--- Supplied information Enclosed Below ---
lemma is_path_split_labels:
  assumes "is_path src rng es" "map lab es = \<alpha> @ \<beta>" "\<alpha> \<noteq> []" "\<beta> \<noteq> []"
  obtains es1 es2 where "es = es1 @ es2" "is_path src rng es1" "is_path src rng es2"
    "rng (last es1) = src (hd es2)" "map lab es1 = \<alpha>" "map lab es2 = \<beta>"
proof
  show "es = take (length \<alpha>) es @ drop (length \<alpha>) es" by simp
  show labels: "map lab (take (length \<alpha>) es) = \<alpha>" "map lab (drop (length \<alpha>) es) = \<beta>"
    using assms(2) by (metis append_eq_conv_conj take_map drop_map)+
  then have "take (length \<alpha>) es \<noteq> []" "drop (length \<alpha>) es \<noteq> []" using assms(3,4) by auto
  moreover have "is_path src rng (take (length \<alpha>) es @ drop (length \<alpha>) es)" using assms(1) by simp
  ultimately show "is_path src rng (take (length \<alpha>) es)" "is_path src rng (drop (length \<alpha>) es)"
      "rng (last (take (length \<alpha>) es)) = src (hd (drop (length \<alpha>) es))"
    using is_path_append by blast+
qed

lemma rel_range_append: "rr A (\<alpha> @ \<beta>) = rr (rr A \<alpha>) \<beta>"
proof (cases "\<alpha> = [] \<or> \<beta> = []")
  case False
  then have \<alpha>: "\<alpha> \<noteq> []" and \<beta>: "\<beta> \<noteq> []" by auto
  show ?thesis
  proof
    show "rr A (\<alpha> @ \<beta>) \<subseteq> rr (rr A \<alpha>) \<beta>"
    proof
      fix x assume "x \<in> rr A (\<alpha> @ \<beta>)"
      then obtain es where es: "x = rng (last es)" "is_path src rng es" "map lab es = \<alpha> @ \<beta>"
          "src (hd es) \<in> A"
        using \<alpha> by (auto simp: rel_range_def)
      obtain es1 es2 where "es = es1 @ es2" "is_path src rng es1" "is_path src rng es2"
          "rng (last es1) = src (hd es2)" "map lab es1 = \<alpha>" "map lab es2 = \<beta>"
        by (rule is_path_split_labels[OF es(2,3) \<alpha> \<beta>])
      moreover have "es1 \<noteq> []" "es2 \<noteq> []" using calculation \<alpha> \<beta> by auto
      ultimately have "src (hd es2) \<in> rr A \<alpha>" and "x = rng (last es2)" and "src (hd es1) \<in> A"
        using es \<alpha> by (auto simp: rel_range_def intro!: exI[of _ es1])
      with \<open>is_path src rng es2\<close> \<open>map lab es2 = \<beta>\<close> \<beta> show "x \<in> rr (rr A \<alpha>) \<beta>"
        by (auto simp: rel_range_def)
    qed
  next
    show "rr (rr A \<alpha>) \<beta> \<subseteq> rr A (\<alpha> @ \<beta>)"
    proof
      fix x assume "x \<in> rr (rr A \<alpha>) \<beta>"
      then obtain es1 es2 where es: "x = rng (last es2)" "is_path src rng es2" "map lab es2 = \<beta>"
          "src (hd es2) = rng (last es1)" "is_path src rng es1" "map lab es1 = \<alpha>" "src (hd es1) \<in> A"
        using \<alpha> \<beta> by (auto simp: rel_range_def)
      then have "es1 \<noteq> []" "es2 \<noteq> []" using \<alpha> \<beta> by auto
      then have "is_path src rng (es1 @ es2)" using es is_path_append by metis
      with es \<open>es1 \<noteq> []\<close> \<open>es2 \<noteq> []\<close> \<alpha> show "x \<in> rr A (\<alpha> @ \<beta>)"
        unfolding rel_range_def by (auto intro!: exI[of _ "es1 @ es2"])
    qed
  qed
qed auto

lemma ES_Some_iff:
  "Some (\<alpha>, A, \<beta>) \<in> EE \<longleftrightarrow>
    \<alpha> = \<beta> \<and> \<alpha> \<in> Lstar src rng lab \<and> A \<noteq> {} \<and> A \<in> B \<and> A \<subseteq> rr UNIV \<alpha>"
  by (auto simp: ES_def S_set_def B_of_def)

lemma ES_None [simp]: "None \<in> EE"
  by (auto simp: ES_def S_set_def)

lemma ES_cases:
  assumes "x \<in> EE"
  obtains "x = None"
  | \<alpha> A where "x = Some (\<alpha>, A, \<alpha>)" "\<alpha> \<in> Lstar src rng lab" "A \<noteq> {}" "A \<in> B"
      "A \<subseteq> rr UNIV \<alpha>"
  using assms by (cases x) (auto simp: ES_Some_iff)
--- End of Enclosed Supplied information ---
--- Supplied information Enclosed Below ---
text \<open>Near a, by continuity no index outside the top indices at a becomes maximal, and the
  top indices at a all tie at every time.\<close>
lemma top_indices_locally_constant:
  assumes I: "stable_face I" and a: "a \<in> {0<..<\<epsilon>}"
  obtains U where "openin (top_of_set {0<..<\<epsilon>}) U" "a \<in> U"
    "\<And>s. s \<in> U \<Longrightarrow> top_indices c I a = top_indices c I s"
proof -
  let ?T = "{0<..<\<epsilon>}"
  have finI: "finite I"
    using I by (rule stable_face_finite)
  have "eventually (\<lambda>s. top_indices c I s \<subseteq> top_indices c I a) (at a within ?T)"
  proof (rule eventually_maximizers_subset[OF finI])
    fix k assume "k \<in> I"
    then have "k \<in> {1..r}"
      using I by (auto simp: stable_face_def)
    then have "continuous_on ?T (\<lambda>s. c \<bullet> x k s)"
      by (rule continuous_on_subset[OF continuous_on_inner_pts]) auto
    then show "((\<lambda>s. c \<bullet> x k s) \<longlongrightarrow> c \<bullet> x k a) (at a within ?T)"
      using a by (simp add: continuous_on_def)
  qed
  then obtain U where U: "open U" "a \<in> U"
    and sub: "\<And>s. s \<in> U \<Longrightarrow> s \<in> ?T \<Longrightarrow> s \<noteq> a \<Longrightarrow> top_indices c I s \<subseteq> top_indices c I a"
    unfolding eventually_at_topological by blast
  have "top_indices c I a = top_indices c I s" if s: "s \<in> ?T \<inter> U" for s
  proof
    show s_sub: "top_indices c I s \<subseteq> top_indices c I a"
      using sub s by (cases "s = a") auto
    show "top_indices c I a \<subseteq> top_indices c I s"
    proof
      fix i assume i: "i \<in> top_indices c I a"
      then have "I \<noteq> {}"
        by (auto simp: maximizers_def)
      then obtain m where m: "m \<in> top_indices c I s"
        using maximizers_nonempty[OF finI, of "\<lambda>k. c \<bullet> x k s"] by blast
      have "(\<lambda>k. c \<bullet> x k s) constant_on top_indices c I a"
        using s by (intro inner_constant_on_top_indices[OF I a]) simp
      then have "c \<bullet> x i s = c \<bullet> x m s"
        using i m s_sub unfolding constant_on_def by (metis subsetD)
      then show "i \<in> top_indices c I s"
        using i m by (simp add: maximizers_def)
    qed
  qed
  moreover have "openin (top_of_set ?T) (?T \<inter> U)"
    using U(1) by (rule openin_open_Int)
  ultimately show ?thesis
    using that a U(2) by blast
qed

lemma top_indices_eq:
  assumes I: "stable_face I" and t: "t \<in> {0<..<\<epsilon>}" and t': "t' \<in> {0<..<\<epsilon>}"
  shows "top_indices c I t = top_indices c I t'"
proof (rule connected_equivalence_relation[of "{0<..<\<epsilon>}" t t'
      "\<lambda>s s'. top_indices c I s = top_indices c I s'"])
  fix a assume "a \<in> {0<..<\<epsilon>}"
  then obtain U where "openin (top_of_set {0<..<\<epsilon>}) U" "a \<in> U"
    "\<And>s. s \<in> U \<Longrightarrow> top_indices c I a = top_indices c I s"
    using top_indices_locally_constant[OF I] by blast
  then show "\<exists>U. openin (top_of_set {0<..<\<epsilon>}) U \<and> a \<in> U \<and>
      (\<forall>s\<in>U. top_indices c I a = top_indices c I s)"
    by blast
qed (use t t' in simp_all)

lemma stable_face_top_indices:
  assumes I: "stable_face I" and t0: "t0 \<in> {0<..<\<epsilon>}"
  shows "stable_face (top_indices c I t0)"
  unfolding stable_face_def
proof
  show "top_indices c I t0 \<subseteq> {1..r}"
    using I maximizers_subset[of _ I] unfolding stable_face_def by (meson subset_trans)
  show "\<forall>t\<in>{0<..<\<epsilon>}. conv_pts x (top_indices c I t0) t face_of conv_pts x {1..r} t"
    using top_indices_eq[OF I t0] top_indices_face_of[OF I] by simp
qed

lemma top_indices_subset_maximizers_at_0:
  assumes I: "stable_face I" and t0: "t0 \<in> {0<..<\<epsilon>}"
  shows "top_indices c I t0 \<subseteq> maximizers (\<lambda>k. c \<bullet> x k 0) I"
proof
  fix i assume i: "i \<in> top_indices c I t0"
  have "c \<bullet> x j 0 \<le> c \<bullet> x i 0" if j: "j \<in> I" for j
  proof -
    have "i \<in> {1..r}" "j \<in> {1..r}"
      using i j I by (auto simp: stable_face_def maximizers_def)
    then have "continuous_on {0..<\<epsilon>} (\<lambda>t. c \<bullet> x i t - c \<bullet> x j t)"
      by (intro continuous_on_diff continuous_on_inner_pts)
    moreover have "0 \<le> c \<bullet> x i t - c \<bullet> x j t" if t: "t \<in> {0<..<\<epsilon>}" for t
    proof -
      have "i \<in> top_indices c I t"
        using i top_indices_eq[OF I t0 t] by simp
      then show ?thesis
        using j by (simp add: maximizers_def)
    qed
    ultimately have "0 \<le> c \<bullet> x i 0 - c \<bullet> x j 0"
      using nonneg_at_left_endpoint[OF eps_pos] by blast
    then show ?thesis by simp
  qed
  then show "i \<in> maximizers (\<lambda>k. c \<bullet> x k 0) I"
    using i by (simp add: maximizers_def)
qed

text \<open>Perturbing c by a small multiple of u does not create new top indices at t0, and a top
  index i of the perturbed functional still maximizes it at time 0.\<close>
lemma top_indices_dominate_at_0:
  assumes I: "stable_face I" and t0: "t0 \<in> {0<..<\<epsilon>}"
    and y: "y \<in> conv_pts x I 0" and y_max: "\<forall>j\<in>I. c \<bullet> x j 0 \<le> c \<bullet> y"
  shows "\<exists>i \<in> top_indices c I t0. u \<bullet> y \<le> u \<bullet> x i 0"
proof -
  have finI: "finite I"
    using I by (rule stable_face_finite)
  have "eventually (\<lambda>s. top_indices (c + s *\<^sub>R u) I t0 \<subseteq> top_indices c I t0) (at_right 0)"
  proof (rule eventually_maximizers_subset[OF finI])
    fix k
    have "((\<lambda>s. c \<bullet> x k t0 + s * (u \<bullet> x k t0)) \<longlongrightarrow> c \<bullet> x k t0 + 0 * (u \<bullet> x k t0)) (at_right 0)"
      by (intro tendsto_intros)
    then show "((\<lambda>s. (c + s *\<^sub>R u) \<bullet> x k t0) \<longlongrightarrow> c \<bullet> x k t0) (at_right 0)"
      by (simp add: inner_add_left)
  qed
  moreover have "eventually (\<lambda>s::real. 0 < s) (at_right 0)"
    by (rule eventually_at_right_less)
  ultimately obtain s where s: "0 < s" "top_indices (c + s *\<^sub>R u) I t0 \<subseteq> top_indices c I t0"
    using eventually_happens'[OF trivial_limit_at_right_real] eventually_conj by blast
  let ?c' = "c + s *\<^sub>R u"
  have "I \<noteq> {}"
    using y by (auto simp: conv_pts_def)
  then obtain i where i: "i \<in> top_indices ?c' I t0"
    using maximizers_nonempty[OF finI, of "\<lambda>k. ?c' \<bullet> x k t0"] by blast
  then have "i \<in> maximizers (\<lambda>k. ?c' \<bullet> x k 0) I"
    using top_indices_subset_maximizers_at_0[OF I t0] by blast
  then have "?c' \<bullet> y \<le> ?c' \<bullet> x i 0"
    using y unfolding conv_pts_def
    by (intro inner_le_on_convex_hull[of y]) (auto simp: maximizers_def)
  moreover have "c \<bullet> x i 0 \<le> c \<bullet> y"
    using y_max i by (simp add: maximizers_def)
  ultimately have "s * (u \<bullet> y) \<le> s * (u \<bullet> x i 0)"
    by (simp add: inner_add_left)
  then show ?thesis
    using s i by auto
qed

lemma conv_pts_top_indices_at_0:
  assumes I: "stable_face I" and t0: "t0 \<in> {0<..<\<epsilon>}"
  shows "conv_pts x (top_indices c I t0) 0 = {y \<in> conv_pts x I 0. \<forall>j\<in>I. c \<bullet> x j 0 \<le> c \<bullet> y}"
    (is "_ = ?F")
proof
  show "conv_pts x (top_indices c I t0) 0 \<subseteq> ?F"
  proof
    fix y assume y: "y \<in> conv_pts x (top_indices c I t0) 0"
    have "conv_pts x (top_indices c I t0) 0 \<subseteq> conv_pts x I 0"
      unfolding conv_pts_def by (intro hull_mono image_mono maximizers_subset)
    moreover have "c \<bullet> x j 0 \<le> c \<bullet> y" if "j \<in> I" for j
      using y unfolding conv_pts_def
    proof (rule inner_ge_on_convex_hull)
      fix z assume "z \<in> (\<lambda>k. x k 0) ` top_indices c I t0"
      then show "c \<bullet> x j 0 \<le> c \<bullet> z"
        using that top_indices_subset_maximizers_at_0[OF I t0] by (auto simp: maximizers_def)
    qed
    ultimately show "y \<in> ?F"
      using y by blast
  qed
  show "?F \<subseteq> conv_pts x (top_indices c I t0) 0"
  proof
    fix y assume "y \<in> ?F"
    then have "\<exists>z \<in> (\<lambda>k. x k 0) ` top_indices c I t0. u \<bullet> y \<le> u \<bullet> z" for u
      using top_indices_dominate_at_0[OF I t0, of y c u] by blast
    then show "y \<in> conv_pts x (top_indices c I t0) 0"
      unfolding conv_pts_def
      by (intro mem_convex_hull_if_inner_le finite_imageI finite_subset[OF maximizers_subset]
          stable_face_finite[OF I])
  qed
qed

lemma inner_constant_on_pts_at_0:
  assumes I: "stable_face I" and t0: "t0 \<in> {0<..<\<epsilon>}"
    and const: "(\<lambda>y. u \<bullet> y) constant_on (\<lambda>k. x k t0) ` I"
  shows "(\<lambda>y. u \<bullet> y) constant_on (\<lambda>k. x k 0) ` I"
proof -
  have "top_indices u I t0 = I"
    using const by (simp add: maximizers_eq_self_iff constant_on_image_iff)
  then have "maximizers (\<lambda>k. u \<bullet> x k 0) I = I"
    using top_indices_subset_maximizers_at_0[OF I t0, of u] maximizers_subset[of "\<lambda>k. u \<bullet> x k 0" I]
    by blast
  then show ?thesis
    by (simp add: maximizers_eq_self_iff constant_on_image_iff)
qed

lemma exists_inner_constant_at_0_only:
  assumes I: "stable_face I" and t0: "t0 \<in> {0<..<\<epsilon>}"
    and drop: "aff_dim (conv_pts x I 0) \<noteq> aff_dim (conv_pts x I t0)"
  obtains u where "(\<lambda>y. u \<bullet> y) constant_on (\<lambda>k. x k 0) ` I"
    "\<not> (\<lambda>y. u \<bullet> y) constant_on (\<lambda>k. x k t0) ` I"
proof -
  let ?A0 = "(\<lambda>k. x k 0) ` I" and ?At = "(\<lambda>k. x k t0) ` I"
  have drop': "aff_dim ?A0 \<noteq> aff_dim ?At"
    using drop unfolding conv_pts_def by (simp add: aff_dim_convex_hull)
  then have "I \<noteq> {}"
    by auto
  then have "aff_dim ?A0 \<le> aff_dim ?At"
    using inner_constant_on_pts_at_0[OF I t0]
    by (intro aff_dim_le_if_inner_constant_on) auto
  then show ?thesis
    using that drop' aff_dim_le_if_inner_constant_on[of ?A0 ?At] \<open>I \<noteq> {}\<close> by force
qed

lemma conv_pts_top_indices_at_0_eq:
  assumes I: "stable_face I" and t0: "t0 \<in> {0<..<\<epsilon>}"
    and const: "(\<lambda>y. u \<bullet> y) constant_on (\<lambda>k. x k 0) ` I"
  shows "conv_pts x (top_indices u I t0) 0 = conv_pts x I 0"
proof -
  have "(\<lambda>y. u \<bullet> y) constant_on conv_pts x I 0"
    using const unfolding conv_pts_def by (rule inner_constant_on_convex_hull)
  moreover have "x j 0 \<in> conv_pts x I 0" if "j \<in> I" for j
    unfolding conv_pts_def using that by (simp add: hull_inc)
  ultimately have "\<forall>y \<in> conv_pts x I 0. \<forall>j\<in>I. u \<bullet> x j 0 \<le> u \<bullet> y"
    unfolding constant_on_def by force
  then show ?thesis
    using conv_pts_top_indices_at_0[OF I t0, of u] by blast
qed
--- End of Enclosed Supplied information ---
The expected output is exactly the lines of the listing above between the line holding "with \<open>is_path src" and the line holding "then obtain es1", inclusive.

## Output for this task
      with \<open>is_path src rng es2\<close> \<open>map lab es2 = \<beta>\<close> \<beta> show "x \<in> rr (rr A \<alpha>) \<beta>"
        by (auto simp: rel_range_def)
    qed
  next
    show "rr (rr A \<alpha>) \<beta> \<subseteq> rr A (\<alpha> @ \<beta>)"
    proof
      fix x assume "x \<in> rr (rr A \<alpha>) \<beta>"
      then obtain es1 es2 where es: "x = rng (last es2)" "is_path src rng es2" "map lab es2 = \<beta>"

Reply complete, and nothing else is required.